--- WHAT TO DO ---
Give again, word for word, every line below from the one that has "using rotate[of u v v v]" through the one that has "by (rule l1dist_nonneg)", both included, and no others.

• • • • •

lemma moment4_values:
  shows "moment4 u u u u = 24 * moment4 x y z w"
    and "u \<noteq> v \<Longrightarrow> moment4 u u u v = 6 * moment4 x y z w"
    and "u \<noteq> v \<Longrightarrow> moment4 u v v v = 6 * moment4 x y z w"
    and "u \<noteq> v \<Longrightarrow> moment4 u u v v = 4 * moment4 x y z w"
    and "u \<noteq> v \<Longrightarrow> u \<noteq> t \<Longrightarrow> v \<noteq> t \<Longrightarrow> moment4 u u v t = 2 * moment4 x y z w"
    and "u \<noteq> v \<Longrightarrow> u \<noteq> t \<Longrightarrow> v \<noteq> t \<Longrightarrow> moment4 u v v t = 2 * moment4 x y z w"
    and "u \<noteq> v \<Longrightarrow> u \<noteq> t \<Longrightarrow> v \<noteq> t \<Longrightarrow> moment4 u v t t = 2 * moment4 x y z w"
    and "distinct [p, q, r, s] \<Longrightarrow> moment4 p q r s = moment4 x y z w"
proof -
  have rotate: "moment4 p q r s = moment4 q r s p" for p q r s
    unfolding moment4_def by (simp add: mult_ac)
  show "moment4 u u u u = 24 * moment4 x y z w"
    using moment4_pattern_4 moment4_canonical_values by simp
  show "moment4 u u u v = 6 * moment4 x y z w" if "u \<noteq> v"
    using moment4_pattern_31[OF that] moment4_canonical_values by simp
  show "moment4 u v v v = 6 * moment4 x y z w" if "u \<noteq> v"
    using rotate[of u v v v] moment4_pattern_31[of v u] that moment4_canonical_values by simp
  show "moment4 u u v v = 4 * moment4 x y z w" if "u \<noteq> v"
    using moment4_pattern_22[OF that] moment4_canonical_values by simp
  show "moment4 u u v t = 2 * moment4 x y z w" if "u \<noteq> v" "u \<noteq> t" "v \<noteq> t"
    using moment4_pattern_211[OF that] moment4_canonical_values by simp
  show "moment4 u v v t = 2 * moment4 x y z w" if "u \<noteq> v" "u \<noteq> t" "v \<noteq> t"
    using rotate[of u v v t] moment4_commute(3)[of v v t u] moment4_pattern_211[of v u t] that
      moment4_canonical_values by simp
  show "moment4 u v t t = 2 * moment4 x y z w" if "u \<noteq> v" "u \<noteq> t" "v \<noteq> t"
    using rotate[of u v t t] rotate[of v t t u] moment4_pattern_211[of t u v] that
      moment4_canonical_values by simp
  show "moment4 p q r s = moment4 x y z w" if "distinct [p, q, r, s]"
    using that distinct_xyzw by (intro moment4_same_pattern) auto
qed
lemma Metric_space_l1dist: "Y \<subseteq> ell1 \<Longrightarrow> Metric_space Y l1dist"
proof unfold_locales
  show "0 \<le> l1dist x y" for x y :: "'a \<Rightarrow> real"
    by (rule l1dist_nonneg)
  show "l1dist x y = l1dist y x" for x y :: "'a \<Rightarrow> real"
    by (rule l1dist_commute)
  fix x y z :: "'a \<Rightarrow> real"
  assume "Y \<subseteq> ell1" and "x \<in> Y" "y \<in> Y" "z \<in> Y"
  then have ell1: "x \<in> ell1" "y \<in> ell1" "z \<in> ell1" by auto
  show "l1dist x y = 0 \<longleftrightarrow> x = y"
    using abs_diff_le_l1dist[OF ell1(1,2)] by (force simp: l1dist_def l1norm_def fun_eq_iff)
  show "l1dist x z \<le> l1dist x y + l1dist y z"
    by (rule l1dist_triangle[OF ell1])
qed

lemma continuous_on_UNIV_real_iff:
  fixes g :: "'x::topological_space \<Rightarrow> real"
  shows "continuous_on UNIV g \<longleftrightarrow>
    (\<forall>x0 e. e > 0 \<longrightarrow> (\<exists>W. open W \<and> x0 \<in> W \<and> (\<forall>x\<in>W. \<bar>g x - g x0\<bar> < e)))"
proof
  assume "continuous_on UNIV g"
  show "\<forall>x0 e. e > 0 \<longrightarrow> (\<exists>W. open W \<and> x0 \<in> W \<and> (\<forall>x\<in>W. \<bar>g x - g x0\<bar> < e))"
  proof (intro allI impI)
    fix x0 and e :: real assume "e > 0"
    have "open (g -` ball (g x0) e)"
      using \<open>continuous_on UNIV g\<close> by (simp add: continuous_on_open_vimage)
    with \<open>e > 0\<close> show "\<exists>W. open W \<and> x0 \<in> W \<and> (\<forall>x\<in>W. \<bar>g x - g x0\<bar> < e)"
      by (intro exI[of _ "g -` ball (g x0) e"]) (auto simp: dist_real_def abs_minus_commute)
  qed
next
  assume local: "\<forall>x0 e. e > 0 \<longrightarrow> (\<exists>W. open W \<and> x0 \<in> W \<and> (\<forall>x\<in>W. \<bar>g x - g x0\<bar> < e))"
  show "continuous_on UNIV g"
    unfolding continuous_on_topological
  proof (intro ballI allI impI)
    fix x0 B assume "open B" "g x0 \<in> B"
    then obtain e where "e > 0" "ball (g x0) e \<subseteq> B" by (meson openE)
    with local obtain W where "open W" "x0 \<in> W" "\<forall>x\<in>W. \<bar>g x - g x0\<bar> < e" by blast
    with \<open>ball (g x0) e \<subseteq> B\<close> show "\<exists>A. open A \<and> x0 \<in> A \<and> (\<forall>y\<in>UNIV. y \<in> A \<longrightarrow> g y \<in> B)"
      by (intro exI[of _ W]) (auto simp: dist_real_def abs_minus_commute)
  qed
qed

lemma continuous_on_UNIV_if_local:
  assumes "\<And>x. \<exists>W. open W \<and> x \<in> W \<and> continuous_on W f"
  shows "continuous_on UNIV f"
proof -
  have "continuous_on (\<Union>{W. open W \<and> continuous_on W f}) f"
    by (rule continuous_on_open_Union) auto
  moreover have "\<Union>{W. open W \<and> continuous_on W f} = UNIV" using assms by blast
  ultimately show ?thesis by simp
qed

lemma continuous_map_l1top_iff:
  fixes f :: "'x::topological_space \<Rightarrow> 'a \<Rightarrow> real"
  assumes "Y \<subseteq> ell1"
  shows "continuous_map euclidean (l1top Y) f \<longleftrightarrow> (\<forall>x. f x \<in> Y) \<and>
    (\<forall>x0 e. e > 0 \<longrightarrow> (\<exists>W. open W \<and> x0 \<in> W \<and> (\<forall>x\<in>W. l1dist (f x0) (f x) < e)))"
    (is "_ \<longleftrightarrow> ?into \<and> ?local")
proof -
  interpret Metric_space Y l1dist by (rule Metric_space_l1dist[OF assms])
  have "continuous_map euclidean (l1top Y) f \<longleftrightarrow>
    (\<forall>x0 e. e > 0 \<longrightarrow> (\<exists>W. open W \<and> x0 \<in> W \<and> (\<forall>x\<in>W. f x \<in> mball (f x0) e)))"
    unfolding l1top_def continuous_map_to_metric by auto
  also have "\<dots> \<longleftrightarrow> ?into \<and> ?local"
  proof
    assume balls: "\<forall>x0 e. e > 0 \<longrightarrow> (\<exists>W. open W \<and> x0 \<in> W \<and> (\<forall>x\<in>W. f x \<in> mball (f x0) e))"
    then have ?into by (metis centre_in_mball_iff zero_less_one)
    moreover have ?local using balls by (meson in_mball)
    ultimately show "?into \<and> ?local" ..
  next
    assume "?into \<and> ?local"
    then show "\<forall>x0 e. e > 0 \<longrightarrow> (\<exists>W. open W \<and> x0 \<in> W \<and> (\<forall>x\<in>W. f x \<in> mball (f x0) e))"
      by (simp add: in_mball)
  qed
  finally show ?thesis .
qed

• • • • •

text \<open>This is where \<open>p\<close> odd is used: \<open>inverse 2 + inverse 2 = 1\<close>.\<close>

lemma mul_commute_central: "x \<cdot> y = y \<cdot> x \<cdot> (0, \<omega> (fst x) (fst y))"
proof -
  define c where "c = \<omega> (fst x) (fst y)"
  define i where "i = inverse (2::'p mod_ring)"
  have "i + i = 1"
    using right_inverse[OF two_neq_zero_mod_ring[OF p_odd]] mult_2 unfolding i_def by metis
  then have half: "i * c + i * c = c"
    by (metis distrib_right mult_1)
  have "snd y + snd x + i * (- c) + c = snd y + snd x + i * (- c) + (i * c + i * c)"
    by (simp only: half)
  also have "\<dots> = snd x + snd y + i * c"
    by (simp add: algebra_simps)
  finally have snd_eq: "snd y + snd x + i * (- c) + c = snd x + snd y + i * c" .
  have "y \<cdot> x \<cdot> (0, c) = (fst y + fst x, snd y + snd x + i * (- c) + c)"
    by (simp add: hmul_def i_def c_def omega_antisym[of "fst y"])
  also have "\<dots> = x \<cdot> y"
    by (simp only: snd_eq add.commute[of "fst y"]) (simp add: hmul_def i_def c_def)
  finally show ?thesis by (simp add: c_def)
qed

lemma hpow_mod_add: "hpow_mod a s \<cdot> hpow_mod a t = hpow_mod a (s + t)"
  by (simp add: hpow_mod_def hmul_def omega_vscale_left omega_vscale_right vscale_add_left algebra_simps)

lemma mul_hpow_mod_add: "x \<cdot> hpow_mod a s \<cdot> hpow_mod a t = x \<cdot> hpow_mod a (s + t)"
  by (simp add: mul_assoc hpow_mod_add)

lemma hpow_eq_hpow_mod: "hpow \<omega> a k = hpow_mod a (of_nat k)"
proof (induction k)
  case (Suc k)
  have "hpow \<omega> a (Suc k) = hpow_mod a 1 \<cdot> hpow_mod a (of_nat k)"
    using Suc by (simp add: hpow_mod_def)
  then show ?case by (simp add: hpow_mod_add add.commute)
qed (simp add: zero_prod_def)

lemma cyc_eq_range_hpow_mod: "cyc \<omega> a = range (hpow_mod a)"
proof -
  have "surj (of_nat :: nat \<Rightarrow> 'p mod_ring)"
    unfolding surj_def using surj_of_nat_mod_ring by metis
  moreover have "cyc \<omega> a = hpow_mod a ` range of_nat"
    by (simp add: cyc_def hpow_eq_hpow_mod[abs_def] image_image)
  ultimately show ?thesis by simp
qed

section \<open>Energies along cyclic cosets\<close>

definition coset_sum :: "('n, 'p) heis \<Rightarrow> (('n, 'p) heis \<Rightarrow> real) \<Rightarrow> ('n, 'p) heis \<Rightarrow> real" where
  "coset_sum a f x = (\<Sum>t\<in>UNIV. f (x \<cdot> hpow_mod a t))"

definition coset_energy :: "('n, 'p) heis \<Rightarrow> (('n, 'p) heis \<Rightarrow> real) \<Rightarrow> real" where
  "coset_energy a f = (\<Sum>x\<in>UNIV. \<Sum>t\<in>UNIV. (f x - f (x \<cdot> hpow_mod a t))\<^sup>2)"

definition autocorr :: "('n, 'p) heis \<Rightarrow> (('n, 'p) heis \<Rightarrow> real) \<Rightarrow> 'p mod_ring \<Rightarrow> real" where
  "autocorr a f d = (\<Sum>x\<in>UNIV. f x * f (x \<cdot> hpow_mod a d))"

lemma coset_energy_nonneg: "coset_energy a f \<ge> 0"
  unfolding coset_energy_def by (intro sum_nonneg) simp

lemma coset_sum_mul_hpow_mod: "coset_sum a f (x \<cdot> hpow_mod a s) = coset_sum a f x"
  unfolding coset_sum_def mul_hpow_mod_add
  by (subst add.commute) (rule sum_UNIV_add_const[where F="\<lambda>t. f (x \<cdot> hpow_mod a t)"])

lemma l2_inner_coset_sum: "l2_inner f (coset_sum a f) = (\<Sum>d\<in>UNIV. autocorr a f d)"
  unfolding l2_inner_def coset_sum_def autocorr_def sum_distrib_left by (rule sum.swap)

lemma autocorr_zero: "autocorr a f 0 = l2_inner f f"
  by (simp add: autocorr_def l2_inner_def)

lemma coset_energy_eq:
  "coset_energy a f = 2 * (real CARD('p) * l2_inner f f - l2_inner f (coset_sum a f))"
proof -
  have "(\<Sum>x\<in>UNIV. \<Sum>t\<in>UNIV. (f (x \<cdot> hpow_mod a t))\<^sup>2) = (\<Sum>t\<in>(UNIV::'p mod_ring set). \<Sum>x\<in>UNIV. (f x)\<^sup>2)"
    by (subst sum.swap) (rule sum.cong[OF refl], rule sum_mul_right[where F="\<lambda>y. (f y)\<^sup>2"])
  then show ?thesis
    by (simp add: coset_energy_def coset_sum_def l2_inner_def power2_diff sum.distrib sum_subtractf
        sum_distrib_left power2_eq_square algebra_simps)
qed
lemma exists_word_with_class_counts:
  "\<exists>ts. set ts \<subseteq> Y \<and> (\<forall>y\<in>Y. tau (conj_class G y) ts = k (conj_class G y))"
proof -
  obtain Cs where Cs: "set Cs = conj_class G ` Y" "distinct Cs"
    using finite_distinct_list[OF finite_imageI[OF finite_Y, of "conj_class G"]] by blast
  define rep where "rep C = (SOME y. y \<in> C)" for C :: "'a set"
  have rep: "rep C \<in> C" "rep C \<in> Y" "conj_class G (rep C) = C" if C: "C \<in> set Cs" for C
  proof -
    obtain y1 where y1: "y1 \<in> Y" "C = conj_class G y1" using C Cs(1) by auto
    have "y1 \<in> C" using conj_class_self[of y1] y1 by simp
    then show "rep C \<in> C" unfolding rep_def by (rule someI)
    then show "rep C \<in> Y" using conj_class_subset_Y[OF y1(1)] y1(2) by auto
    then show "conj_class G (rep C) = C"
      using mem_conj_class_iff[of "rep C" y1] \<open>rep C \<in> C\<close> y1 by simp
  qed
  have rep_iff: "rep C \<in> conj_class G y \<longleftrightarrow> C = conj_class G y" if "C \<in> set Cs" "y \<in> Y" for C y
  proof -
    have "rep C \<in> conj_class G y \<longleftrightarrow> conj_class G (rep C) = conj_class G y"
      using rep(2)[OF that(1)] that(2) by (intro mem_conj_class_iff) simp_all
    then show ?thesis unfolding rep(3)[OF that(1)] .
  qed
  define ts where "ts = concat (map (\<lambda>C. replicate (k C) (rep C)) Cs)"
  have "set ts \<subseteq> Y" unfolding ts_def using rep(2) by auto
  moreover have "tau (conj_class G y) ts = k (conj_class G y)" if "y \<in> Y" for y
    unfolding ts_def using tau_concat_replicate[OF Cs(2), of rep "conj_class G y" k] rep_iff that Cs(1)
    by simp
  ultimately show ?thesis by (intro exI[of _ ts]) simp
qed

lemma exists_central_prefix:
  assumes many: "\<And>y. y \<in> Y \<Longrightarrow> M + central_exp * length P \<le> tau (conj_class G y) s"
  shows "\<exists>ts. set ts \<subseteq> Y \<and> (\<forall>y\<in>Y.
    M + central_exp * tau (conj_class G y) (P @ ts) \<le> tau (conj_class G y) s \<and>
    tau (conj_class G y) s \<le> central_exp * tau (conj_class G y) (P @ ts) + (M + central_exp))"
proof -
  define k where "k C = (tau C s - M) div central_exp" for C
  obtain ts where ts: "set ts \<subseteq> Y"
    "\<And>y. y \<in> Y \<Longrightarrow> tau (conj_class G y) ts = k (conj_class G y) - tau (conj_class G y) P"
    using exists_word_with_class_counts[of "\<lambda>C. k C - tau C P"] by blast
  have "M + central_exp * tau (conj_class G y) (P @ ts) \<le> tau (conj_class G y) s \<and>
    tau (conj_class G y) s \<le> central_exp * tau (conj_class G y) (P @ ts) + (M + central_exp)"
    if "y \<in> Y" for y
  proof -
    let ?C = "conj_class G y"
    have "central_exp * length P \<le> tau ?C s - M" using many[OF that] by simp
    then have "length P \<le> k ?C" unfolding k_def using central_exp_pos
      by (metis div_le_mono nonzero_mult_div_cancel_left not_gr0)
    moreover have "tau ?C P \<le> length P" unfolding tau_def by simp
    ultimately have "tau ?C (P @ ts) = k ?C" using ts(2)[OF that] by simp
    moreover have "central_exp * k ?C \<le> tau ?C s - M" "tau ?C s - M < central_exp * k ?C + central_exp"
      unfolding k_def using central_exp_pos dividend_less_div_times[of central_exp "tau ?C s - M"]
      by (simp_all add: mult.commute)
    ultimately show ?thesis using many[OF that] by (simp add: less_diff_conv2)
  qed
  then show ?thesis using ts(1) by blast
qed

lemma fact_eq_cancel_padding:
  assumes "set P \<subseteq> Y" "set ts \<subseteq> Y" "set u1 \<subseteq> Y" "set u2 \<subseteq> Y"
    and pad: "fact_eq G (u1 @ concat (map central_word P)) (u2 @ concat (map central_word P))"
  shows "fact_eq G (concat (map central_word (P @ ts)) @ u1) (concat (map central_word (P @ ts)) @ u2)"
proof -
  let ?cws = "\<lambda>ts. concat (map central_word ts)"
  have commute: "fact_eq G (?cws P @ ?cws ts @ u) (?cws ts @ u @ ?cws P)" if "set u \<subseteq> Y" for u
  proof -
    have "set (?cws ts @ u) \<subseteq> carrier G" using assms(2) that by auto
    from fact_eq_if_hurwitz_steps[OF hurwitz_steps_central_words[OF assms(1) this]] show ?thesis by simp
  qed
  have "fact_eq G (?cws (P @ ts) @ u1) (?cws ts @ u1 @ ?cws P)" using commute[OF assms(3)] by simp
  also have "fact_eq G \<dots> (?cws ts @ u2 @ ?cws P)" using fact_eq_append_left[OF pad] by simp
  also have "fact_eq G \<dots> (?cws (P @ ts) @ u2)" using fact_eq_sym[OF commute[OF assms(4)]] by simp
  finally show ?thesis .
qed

• • • • •

--- RESPONSE BOX ---
    using rotate[of u v v v] moment4_pattern_31[of v u] that moment4_canonical_values by simp
  show "moment4 u u v v = 4 * moment4 x y z w" if "u \<noteq> v"
    using moment4_pattern_22[OF that] moment4_canonical_values by simp
  show "moment4 u u v t = 2 * moment4 x y z w" if "u \<noteq> v" "u \<noteq> t" "v \<noteq> t"
    using moment4_pattern_211[OF that] moment4_canonical_values by simp
  show "moment4 u v v t = 2 * moment4 x y z w" if "u \<noteq> v" "u \<noteq> t" "v \<noteq> t"
    using rotate[of u v v t] moment4_commute(3)[of v v t u] moment4_pattern_211[of v u t] that
      moment4_canonical_values by simp
  show "moment4 u v t t = 2 * moment4 x y z w" if "u \<noteq> v" "u \<noteq> t" "v \<noteq> t"
    using rotate[of u v t t] rotate[of v t t u] moment4_pattern_211[of t u v] that
      moment4_canonical_values by simp
  show "moment4 p q r s = moment4 x y z w" if "distinct [p, q, r, s]"
    using that distinct_xyzw by (intro moment4_same_pattern) auto
qed
lemma Metric_space_l1dist: "Y \<subseteq> ell1 \<Longrightarrow> Metric_space Y l1dist"
proof unfold_locales
  show "0 \<le> l1dist x y" for x y :: "'a \<Rightarrow> real"
    by (rule l1dist_nonneg)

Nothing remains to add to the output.